What to work on | Locate and copy each line in the data that contains the word "sqsubseteq".

Source data |
----

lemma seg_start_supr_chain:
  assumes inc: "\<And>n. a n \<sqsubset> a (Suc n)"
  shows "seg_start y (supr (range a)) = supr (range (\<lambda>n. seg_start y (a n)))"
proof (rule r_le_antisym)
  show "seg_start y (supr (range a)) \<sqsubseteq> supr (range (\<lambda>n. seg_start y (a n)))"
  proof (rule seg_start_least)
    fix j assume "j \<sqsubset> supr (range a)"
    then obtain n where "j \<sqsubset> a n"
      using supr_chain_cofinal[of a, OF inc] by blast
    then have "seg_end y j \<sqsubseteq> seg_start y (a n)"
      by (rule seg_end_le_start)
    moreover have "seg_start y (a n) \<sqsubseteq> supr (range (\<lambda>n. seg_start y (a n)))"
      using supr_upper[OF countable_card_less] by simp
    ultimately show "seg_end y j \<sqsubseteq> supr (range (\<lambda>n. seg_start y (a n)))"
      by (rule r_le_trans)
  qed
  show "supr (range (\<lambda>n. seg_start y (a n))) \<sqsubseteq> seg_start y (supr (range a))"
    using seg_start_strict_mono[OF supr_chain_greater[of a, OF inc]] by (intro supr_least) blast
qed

----

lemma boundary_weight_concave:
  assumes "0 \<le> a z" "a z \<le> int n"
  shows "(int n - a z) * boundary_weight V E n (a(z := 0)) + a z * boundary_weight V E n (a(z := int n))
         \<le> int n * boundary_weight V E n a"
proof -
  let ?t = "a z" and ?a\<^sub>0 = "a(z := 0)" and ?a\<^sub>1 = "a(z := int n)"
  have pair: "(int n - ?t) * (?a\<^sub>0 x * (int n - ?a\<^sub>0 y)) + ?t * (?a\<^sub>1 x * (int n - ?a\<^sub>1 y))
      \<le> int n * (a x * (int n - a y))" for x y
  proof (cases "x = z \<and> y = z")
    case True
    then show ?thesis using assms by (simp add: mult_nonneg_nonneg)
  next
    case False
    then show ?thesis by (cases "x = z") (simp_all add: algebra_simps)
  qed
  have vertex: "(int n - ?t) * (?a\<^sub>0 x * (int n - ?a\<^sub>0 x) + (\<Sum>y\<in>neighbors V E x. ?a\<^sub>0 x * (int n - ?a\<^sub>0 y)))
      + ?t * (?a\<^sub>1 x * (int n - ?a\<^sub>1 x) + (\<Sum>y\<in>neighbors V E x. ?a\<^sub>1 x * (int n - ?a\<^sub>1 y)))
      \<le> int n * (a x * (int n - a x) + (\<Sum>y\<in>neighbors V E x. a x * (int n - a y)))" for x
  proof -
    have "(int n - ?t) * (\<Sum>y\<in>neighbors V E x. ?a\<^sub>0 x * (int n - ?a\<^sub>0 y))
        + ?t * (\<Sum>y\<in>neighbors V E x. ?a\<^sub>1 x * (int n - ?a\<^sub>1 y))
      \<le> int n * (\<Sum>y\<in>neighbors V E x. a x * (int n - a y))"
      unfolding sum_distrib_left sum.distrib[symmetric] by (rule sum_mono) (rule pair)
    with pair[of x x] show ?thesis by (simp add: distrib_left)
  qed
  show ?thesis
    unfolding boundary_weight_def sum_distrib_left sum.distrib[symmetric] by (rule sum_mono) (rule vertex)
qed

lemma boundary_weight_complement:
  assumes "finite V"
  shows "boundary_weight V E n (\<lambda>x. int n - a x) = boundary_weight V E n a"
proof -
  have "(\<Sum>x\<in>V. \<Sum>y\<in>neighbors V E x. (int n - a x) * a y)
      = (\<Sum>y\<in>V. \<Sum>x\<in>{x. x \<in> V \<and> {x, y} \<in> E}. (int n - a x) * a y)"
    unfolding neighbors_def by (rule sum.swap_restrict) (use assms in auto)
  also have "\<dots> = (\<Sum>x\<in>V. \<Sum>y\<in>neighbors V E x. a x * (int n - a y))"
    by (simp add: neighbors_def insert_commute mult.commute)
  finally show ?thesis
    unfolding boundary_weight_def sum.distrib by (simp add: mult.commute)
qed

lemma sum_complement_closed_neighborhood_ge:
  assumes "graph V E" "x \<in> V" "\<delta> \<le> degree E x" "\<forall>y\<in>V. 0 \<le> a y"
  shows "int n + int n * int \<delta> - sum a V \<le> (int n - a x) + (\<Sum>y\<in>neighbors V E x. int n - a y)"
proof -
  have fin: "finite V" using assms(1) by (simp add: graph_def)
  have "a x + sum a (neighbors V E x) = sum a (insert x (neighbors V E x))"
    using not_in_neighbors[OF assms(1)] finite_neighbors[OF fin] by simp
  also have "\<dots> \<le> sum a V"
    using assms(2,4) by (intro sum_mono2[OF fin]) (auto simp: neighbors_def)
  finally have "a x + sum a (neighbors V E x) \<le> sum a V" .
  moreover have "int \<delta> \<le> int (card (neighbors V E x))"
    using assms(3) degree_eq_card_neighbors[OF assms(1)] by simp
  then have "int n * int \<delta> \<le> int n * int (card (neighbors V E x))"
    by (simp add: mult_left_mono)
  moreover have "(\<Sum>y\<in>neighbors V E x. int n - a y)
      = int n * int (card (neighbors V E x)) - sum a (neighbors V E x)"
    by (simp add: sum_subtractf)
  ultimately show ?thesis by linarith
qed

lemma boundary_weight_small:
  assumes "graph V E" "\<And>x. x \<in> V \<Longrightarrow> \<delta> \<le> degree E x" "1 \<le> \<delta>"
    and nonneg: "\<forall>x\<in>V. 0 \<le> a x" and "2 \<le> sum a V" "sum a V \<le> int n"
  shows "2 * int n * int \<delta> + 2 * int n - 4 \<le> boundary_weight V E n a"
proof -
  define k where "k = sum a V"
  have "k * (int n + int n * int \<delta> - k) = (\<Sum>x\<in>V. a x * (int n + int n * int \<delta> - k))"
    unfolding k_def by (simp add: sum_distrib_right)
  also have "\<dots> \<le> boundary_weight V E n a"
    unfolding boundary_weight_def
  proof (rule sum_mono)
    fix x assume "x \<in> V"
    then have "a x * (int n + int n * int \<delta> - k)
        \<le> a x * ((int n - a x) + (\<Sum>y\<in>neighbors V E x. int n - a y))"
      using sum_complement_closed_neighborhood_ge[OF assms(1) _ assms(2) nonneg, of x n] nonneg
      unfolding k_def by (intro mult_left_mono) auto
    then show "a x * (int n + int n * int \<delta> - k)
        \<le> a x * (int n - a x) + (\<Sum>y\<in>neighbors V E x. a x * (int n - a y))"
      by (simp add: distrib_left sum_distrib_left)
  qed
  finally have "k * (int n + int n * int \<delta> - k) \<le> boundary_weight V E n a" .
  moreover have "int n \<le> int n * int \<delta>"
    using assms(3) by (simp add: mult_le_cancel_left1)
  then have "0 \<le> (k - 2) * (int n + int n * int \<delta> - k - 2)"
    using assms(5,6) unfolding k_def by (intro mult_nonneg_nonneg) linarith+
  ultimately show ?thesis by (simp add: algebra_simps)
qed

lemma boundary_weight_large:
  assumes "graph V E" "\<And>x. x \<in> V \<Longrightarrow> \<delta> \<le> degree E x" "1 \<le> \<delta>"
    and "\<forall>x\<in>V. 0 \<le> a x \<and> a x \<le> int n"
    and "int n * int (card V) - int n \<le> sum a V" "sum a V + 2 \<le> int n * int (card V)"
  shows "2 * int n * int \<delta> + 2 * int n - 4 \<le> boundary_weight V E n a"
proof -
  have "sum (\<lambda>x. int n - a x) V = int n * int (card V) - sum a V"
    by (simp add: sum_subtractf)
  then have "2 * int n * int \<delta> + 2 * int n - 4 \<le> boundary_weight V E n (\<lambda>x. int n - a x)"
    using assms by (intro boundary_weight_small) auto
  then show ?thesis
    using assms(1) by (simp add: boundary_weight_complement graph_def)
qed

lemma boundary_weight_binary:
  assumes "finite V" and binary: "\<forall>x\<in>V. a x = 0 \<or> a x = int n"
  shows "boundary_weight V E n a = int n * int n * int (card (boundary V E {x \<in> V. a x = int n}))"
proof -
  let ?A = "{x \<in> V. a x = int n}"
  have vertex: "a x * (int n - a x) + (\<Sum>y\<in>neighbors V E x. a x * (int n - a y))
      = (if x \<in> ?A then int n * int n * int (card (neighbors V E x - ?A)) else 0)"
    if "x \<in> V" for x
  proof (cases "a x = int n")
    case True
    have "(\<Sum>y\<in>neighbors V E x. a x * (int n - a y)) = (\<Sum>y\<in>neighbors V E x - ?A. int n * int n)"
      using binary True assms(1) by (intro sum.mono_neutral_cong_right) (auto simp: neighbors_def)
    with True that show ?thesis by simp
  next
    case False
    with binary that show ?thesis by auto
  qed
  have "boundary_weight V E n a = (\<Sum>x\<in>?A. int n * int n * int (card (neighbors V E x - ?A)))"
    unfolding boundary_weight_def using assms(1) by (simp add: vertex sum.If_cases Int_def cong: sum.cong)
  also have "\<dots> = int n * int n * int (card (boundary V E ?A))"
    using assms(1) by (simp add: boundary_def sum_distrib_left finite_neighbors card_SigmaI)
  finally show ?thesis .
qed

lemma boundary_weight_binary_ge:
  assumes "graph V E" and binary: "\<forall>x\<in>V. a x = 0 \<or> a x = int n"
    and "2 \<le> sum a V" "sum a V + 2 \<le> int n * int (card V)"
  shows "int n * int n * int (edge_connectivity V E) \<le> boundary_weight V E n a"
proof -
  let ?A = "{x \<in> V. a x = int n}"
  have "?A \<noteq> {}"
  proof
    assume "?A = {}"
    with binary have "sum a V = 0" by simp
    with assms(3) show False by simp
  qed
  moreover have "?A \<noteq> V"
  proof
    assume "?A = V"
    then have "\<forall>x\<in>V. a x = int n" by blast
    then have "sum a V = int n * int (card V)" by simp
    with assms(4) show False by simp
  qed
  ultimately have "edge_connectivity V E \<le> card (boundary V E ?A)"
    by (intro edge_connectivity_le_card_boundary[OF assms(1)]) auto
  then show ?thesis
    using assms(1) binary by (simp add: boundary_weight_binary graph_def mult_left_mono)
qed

----

Exercise answer |
  show "seg_start y (supr (range a)) \<sqsubseteq> supr (range (\<lambda>n. seg_start y (a n)))"
    then have "seg_end y j \<sqsubseteq> seg_start y (a n)"
    moreover have "seg_start y (a n) \<sqsubseteq> supr (range (\<lambda>n. seg_start y (a n)))"
    ultimately show "seg_end y j \<sqsubseteq> supr (range (\<lambda>n. seg_start y (a n)))"
  show "supr (range (\<lambda>n. seg_start y (a n))) \<sqsubseteq> seg_start y (supr (range a))"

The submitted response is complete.